Fully-convolutional speakers identification solution
General architecture:
- A specific encoder.
- A selection of points of interest in a time windows.
- A concatenation of results for a place.
- Data is reponsible to get data-set and transform the data.
- Encoder is the deep learning part of the project that takes samples and produce vectors.
- Identification uses vectors to identify the speaker.
- Localization is in charge to determine the place of the speaker.
Data: The data-set used is voxCeleb.
- getitem() return (anchor, positive, negative) for the encoder part
- getitem() return (label, sample) for the identification part
Encoder: We compare two approaches, one that use STFT, the other is fully temporal.

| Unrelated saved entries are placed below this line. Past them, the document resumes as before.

fun dickson :: "nat \<Rightarrow> 'a::comm_ring_1 poly" where
  "dickson 0 = [:2:]"
| "dickson (Suc 0) = [:0, 1:]"
| "dickson (Suc (Suc k)) = pCons 0 (dickson (Suc k)) - dickson k"

lemma coeff_dickson_Ints: "coeff (dickson k) i \<in> \<int>"
proof (induction k arbitrary: i rule: dickson.induct)
  case (3 k)
  then show ?case by (cases i) (auto simp: coeff_diff)
qed (auto simp: coeff_pCons split: nat.splits)

lemma degree_dickson_le: "degree (dickson k) \<le> k"
  by (induction k rule: dickson.induct)
     (auto intro!: degree_diff_le order.trans[OF degree_pCons_le])

lemma coeff_dickson_top: "coeff (dickson k :: 'a::comm_ring_1 poly) k = (if k = 0 then 2 else 1)"
proof (induction k rule: dickson.induct)
  case (3 k)
  have "coeff (dickson k :: 'a poly) (Suc (Suc k)) = 0"
    by (rule coeff_eq_0) (use degree_dickson_le[of k, where 'a = 'a] in linarith)
  with 3 show ?case by (simp add: coeff_diff)
qed simp_all

lemma degree_dickson: "k > 0 \<Longrightarrow> degree (dickson k :: 'a::comm_ring_1 poly) = k"
  using coeff_dickson_top[of k, where 'a = 'a] le_degree[of "dickson k :: 'a poly" k]
    degree_dickson_le[of k, where 'a = 'a]
  by (simp add: le_antisym)

lemma poly_dickson_add_inverse:
  fixes z :: "'a::field"
  assumes "z \<noteq> 0"
  shows "poly (dickson k) (z + inverse z) = z ^ k + inverse z ^ k"
proof (induction k rule: dickson.induct)
  case (3 k)
  have "(z + inverse z) * (z ^ Suc k + inverse z ^ Suc k)
      = z ^ Suc (Suc k) + inverse z ^ Suc (Suc k) + (z * inverse z) * (z ^ k + inverse z ^ k)"
    by (simp add: algebra_simps)
  with 3 assms show ?case by simp
qed simp_all

lemma algebraic_int_add_inverse_root_of_unity:
  fixes z :: "'a::field"
  assumes "z ^ n = 1" and "n > 0"
  shows "algebraic_int (z + inverse z)"
proof (rule algebraic_int_root)
  have "z \<noteq> 0" using assms by (cases n) auto
  then show "poly (dickson n) (z + inverse z) = 2"
    using assms(1) by (simp add: poly_dickson_add_inverse power_inverse)
qed (use assms in \<open>auto simp: coeff_dickson_Ints coeff_dickson_top degree_dickson\<close>)

lemma funpow_lincomb:
  fixes T :: "('b \<Rightarrow> complex) \<Rightarrow> 'b \<Rightarrow> complex"
  assumes lin: "\<And>c d f g. T (\<lambda>e. c * f e + d * g e) = (\<lambda>e. c * T f e + d * T g e)"
  shows "(T ^^ k) (\<lambda>e. c * f e + d * g e) = (\<lambda>e. c * (T ^^ k) f e + d * (T ^^ k) g e)"
  by (induction k) (simp_all add: lin)

lemma funpow_invariant_pair:
  fixes T :: "('b \<Rightarrow> complex) \<Rightarrow> 'b \<Rightarrow> complex"
  assumes lin: "\<And>c d f g. T (\<lambda>e. c * f e + d * g e) = (\<lambda>e. c * T f e + d * T g e)"
    and TF: "T F = (\<lambda>e. a1 * F e + b1 * G e)" and TG: "T G = (\<lambda>e. a2 * F e + b2 * G e)"
  shows "\<exists>p q. (T ^^ k) (\<lambda>e. c * F e + d * G e) = (\<lambda>e. p * F e + q * G e)"
proof (induction k arbitrary: c d)
  case (Suc k)
  have "T (\<lambda>e. c * F e + d * G e) = (\<lambda>e. (c * a1 + d * a2) * F e + (c * b1 + d * b2) * G e)"
    unfolding lin TF TG by (simp add: fun_eq_iff algebra_simps)
  then show ?case using Suc.IH by (simp only: funpow_Suc_right o_apply)
qed auto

- "TransFourier.py" is main STFT pyton file.
- "Time.py" is main pyton file for time approach.
- Freq directory is for notebook related to STFT approach. We try 2 ways for vectors distances (euclidian distance vs cosine). We also try 3 differents sample size (1, 2 or 3 seconds).
- Time directory is for notebook related to the fully temporal approach. We try 3 differents sample size (1, 2 or 3 seconds).
- "Conference.py" is a class that correspond to a conference.
- "Place.py" is a class that correspond to a specific place in the conference room.
- "Speaker.py" is a class that correspond to a speaker involved in the conference. We continue to compare time vs STFT approach. 20 and 40 is for the nb of speaker in the conference.
- "xxx_enc_1_xxx.ipynb" is for using encoder train with 1 second sample.
- "xxx_sample_3_xxx.ipynb" is for using 3 seconds sample for the identification.
- "xxx_speaker_xxx.ipynb" is for identify a speaker with one sample.
- "Place_after_3_samples_xxx.ipynb" is for identify a speaker on a place with a concatenation of 3 samples.
- "xxx_1_ref_in_pool.ipynb" is for identify speaker with one reference in the pool.
- This part is under process.
- The goal is to determine the delay between the mics.
- We try different output vecor size (16, 32, 64 or 128).
- "LocateEncoder.py" contain the specific encoder class in charge of localization.
- That is fully time encoder responsibles for the concordance of points of interest between mics sample.